§ **YOUR GOAL**
The answer is every line of the records that holds the word "hence", copied in full.

§ **RECORDS SUPPLIED**
------------------------------------------------------------------------
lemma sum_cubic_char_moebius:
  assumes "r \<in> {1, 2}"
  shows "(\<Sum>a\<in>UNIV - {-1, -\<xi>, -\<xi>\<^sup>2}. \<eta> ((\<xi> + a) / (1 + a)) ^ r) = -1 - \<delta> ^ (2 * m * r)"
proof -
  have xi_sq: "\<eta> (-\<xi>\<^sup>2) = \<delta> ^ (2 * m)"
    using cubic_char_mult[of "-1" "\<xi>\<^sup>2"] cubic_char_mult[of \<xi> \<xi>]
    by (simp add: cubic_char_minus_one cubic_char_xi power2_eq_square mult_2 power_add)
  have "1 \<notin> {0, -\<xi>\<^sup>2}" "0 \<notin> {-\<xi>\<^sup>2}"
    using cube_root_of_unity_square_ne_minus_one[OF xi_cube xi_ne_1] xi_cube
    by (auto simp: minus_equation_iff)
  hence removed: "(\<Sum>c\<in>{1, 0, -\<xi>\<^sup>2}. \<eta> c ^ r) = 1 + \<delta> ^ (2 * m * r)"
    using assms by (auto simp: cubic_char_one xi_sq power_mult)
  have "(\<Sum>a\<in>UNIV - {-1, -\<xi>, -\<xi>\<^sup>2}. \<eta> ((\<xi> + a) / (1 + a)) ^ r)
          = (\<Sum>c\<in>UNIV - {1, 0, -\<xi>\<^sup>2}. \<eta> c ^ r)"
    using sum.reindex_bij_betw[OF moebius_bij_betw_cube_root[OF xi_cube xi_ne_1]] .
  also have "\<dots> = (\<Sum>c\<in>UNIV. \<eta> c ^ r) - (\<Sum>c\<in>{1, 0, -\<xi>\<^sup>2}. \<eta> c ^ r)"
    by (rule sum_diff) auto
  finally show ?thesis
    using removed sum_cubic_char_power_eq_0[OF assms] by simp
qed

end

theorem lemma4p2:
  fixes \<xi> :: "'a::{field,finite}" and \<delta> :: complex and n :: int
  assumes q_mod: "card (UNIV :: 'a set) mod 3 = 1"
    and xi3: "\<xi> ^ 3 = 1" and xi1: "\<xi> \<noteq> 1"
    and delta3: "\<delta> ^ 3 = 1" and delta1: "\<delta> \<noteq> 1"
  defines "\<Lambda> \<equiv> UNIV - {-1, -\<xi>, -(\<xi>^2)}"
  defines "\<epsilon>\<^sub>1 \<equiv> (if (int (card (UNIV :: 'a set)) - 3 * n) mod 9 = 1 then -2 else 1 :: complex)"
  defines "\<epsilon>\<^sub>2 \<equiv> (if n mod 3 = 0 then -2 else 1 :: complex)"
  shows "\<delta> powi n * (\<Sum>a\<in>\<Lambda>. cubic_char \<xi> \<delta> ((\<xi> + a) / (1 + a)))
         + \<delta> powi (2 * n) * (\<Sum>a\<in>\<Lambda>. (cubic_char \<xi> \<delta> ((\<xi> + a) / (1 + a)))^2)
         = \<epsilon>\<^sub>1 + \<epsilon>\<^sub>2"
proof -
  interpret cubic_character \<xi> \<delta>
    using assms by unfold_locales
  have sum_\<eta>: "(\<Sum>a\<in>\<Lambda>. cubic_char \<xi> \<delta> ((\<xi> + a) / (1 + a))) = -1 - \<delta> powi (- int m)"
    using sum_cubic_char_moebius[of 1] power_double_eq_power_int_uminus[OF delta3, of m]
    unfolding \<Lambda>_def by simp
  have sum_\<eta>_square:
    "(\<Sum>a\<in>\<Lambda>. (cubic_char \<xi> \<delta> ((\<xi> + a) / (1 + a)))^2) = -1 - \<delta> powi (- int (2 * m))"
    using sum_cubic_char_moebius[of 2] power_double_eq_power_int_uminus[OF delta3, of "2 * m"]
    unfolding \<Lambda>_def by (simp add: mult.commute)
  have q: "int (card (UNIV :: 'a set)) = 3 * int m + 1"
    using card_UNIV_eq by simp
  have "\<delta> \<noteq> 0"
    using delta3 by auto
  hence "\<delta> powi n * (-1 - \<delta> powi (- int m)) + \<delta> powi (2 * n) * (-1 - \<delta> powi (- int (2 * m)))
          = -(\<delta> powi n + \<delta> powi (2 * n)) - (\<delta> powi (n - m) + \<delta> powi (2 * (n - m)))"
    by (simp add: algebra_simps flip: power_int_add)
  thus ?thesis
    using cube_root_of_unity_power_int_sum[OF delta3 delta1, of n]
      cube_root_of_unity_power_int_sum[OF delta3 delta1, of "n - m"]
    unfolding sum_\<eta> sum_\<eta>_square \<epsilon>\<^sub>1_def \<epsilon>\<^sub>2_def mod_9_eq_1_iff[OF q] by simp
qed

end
------------------------------------------------------------------------
§ **RESPONSE AREA**
  hence removed: "(\<Sum>c\<in>{1, 0, -\<xi>\<^sup>2}. \<eta> c ^ r) = 1 + \<delta> ^ (2 * m * r)"
  hence "\<delta> powi n * (-1 - \<delta> powi (- int m)) + \<delta> powi (2 * n) * (-1 - \<delta> powi (- int (2 * m)))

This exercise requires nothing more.